* _PROBLEM_
Check each line of the entries for "False" and report the ones that have it.

* _SUPPLIED RECORDS_
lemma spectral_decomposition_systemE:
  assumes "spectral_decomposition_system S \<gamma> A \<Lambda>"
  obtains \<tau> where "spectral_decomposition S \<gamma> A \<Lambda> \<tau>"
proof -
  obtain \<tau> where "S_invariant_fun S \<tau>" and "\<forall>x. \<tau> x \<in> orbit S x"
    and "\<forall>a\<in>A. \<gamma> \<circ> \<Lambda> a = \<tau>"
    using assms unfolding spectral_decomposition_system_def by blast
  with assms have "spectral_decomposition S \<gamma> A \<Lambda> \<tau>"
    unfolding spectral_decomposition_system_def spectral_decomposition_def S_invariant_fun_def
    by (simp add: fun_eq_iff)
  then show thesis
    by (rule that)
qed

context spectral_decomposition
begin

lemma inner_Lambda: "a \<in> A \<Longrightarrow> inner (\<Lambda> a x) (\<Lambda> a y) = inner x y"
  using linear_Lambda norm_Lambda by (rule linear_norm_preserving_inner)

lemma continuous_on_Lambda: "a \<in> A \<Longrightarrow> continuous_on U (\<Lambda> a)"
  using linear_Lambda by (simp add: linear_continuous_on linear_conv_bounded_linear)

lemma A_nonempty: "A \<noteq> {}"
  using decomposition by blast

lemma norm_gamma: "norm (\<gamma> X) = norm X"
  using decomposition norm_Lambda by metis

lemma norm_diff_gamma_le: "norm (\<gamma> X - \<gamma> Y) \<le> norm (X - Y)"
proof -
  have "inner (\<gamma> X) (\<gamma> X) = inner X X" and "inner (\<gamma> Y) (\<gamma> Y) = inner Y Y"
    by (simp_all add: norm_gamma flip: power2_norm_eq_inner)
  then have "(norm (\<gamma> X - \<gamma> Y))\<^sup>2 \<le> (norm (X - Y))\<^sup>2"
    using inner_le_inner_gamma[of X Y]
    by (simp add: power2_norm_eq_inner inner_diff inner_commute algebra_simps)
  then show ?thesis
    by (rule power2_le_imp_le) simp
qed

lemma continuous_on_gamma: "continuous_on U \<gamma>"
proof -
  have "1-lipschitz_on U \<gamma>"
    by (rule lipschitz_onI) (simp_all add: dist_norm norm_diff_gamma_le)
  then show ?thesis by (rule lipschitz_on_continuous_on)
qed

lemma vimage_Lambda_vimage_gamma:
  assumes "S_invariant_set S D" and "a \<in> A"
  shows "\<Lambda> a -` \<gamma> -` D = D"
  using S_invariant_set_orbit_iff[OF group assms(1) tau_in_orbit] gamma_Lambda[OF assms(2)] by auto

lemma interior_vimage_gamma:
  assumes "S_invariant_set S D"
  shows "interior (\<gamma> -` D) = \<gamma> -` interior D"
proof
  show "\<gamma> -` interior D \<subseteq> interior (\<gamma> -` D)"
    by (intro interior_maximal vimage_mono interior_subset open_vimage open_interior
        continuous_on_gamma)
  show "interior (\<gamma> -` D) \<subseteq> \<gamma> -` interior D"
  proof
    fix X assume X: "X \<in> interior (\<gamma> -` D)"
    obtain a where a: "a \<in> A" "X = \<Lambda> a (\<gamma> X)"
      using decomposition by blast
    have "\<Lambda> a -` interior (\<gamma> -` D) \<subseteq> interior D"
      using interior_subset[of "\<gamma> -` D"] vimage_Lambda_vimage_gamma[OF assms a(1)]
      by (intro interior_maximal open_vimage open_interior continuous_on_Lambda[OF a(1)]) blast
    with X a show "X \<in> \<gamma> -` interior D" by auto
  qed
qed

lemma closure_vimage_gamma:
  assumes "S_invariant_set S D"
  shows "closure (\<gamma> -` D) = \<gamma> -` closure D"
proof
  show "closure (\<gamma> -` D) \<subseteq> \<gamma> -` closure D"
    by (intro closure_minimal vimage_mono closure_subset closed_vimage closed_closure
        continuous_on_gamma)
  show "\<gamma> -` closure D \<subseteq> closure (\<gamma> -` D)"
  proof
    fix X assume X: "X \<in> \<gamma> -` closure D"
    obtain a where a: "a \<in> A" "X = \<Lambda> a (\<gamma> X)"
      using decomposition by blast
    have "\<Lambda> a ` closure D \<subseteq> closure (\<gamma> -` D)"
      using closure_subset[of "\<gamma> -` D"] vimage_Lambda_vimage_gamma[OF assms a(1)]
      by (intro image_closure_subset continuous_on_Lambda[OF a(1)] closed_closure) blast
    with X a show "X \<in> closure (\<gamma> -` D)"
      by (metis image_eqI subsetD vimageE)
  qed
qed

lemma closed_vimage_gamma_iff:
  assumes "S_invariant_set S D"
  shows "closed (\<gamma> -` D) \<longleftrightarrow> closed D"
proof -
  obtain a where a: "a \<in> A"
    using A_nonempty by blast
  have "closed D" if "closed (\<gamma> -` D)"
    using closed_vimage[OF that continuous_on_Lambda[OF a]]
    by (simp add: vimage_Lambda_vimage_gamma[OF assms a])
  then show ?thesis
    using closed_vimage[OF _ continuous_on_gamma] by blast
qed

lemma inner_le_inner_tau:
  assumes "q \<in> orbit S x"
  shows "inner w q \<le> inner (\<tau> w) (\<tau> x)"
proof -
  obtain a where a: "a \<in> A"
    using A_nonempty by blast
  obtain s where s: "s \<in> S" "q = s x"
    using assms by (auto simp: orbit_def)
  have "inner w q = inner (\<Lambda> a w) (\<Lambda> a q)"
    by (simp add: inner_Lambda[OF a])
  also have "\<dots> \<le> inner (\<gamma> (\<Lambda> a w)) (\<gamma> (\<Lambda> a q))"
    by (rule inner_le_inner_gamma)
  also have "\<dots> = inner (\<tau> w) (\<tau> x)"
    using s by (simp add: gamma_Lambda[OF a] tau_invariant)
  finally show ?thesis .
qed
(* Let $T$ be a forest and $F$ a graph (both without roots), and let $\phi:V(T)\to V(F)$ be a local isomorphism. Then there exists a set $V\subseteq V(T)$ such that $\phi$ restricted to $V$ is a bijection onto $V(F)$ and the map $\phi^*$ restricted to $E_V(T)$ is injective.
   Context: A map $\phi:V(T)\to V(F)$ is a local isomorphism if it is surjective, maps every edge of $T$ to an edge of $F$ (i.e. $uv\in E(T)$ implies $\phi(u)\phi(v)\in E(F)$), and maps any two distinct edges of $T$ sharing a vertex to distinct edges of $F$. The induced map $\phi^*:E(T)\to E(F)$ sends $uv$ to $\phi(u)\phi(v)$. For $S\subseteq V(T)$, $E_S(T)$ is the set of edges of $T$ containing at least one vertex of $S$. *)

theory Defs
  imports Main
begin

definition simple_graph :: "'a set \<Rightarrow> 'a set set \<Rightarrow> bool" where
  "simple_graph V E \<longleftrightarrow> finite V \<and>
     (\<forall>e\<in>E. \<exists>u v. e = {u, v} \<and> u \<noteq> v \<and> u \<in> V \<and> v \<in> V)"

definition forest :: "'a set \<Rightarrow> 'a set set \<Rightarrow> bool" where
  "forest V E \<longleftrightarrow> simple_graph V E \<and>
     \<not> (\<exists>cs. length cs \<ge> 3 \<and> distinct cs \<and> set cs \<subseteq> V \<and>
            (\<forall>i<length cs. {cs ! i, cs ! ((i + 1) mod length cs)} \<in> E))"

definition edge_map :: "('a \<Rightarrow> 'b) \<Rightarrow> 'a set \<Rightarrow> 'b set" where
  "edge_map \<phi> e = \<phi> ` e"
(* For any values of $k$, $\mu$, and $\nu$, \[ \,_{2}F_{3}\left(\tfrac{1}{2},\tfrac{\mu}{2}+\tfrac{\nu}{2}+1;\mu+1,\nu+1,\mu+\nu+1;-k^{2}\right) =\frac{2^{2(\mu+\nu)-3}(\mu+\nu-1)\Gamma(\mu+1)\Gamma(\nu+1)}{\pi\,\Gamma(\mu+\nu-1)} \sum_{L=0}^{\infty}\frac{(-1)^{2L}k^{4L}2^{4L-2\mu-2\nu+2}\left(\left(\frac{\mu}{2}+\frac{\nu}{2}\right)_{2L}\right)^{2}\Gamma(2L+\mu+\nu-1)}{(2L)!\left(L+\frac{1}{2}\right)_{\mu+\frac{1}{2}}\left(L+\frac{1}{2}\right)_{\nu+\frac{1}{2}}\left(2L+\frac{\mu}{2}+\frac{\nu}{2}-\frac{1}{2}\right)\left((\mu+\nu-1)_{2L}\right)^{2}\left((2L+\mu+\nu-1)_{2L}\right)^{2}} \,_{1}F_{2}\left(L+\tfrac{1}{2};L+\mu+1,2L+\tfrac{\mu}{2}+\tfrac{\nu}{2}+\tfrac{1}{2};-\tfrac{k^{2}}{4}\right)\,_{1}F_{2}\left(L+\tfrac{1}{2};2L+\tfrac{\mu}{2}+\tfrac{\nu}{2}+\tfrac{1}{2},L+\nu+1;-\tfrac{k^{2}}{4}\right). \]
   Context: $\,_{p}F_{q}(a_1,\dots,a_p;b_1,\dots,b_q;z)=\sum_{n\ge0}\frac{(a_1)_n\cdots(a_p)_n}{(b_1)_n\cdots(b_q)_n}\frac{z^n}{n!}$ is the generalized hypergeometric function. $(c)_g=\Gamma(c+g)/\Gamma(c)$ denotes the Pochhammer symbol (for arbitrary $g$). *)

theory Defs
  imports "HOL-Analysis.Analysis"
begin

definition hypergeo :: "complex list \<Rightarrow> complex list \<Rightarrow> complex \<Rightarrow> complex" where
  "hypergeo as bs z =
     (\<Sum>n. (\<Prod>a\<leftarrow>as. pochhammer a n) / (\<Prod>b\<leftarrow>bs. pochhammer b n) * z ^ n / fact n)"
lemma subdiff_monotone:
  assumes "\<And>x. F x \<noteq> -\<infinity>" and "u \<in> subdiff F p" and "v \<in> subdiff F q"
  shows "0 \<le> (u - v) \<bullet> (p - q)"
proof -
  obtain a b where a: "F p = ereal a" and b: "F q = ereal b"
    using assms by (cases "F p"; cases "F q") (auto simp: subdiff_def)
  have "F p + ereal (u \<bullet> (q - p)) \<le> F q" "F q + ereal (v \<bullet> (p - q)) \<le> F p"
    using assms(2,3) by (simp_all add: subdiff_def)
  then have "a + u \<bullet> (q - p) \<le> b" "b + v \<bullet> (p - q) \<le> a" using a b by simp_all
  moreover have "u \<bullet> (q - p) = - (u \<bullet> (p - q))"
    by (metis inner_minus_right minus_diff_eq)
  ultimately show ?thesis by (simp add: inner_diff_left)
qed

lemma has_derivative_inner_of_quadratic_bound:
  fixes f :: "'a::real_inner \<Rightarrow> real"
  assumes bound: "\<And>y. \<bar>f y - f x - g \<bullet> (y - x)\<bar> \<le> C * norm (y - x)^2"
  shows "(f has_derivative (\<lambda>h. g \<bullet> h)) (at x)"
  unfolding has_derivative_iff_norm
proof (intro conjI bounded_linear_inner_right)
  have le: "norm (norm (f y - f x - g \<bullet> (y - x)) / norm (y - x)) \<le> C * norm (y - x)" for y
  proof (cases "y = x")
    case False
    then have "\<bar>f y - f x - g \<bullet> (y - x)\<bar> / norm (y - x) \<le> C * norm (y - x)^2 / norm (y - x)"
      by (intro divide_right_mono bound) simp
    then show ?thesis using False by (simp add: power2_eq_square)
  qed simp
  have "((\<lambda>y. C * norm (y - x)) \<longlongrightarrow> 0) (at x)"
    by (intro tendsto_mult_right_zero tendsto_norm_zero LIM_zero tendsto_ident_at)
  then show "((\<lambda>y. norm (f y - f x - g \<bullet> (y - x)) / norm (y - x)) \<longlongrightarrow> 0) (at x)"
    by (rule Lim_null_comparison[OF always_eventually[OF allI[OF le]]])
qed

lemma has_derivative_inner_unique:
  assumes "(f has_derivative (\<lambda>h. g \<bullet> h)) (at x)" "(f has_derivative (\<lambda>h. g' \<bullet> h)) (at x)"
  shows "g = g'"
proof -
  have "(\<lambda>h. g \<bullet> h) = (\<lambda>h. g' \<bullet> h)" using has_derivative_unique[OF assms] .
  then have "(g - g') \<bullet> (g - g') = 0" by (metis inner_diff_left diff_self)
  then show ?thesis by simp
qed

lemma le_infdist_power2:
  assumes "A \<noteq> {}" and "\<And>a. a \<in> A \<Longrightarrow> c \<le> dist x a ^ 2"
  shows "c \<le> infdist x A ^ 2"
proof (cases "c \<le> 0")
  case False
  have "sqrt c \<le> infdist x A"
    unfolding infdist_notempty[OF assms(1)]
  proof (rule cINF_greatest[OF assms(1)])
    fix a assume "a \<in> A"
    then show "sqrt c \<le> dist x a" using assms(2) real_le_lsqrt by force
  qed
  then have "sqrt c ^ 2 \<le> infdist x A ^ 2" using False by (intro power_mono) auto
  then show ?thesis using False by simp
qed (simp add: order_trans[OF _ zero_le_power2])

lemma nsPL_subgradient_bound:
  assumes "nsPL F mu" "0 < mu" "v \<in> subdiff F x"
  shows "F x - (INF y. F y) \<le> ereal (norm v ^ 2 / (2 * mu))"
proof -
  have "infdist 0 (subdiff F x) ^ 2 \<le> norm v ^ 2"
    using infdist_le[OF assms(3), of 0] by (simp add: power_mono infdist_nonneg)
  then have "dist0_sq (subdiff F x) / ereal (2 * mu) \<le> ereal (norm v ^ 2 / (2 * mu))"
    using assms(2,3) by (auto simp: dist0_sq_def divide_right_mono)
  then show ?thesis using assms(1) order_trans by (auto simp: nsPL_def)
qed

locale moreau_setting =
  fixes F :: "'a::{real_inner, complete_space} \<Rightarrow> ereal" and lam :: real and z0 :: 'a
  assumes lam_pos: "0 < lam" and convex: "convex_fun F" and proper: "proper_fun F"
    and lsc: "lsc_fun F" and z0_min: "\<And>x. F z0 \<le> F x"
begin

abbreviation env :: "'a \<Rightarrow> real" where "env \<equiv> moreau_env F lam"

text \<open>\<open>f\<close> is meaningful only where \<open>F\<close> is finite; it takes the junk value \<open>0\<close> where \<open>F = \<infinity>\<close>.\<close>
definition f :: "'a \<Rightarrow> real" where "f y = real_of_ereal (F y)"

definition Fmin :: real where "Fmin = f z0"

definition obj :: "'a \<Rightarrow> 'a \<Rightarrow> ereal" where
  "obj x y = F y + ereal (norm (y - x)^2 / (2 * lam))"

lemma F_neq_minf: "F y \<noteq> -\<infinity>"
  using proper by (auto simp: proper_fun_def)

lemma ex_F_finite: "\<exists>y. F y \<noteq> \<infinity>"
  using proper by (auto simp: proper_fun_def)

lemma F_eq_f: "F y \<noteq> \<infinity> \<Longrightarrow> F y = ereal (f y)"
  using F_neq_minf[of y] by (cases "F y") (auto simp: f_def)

* _RESPONSE AREA_
    case False
    then show ?thesis using False by (simp add: power2_eq_square)
  case False
  then have "sqrt c ^ 2 \<le> infdist x A ^ 2" using False by (intro power_mono) auto
  then show ?thesis using False by simp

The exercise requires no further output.